### Task objective
Repeat exactly the lines below that lie between the line with "theory Submission" and the line with "nonzero vector is", counting both of those lines as part of the answer.

++++++++++++++++++++

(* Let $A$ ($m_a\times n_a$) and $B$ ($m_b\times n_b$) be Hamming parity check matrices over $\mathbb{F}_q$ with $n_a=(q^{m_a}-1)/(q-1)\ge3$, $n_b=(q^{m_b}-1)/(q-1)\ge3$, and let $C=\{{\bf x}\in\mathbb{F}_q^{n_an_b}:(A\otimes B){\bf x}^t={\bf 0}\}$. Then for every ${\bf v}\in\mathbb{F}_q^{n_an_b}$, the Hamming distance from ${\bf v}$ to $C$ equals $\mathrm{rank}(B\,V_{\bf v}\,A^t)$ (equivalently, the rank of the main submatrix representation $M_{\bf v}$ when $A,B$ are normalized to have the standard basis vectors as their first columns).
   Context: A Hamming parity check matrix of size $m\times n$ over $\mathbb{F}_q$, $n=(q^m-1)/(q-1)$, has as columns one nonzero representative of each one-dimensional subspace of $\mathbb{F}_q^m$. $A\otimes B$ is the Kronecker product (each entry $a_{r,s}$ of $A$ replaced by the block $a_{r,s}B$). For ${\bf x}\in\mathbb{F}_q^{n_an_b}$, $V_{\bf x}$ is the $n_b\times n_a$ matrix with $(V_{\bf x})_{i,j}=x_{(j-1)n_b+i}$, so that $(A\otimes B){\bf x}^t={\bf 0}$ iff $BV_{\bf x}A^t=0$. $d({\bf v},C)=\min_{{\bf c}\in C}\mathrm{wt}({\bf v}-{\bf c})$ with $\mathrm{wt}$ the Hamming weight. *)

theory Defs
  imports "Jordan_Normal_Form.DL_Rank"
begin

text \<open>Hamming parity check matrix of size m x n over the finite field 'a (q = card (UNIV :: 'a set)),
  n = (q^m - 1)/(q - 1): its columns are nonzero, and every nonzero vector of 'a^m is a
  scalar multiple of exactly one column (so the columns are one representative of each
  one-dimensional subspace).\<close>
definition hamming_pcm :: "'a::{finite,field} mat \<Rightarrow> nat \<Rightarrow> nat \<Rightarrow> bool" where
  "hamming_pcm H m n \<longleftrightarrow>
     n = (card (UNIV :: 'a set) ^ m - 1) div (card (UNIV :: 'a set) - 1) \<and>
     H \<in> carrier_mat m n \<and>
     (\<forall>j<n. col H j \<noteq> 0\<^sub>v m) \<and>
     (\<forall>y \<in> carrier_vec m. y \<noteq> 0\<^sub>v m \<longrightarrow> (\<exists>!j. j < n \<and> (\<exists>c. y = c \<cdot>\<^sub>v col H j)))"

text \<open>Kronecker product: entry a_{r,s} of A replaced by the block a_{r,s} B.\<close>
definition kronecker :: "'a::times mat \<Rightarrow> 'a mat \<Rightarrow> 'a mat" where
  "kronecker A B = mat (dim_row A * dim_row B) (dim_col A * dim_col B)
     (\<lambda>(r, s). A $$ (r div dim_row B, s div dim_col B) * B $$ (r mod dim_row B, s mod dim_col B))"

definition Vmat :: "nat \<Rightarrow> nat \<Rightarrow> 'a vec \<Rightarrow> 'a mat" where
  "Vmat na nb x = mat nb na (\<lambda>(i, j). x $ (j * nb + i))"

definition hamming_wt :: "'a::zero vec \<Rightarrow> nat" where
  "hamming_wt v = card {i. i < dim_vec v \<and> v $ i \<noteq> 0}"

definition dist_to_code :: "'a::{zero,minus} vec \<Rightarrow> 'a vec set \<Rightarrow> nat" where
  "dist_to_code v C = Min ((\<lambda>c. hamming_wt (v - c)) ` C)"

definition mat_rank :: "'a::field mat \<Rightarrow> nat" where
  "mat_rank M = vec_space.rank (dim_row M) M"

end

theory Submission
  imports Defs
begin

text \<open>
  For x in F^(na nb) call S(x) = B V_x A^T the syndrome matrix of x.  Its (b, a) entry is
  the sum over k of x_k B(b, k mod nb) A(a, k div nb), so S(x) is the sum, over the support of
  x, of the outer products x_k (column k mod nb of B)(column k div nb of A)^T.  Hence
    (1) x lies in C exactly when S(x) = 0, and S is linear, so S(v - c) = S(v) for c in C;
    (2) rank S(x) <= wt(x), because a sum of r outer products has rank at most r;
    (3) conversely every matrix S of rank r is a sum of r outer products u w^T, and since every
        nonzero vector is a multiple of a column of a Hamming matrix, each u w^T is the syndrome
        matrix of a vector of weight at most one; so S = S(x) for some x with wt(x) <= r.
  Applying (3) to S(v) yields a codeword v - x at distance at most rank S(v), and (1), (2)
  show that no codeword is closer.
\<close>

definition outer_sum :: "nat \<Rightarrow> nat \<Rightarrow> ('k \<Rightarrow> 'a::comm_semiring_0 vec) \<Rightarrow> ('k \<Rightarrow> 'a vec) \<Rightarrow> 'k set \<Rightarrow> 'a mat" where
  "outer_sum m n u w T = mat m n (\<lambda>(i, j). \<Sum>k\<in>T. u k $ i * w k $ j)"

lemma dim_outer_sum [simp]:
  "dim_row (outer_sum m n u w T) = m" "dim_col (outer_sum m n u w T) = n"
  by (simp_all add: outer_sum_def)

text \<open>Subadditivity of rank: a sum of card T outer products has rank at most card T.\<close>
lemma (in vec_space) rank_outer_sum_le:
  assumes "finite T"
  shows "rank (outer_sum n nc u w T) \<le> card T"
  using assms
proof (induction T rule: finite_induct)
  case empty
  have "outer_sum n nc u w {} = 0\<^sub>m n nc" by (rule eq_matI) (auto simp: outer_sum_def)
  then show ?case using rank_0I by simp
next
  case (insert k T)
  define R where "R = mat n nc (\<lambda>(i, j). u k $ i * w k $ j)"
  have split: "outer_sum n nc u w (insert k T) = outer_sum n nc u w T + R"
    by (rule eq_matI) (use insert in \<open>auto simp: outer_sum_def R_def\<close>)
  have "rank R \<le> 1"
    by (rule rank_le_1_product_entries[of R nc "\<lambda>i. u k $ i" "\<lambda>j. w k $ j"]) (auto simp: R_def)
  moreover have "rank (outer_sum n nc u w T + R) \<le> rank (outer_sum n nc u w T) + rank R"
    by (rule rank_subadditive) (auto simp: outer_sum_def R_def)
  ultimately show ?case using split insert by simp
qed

++++++++++++++++++++

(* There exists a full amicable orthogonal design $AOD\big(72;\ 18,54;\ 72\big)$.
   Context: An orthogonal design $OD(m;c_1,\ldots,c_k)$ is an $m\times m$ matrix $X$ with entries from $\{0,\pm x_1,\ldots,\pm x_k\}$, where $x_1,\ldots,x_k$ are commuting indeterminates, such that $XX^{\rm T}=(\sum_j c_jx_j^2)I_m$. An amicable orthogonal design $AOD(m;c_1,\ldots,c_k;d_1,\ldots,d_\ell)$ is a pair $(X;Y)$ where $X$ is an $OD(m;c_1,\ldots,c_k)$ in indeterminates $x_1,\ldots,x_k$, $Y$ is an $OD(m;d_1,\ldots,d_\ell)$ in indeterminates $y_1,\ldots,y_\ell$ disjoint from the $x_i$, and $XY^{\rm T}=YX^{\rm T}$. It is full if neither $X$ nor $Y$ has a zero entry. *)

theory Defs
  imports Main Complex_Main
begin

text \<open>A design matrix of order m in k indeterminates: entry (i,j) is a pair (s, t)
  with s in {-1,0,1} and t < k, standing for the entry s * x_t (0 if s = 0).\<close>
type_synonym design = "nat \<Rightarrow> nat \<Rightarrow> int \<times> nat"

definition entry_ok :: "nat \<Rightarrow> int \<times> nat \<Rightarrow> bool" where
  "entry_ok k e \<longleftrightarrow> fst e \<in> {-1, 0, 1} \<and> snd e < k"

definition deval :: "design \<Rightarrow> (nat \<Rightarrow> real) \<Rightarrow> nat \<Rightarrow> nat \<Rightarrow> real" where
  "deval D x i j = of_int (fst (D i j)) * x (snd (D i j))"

++++++++++++++++++++

### Response for this exercise
theory Submission
  imports Defs
begin

text \<open>
  For x in F^(na nb) call S(x) = B V_x A^T the syndrome matrix of x.  Its (b, a) entry is
  the sum over k of x_k B(b, k mod nb) A(a, k div nb), so S(x) is the sum, over the support of
  x, of the outer products x_k (column k mod nb of B)(column k div nb of A)^T.  Hence
    (1) x lies in C exactly when S(x) = 0, and S is linear, so S(v - c) = S(v) for c in C;
    (2) rank S(x) <= wt(x), because a sum of r outer products has rank at most r;
    (3) conversely every matrix S of rank r is a sum of r outer products u w^T, and since every
        nonzero vector is a multiple of a column of a Hamming matrix, each u w^T is the syndrome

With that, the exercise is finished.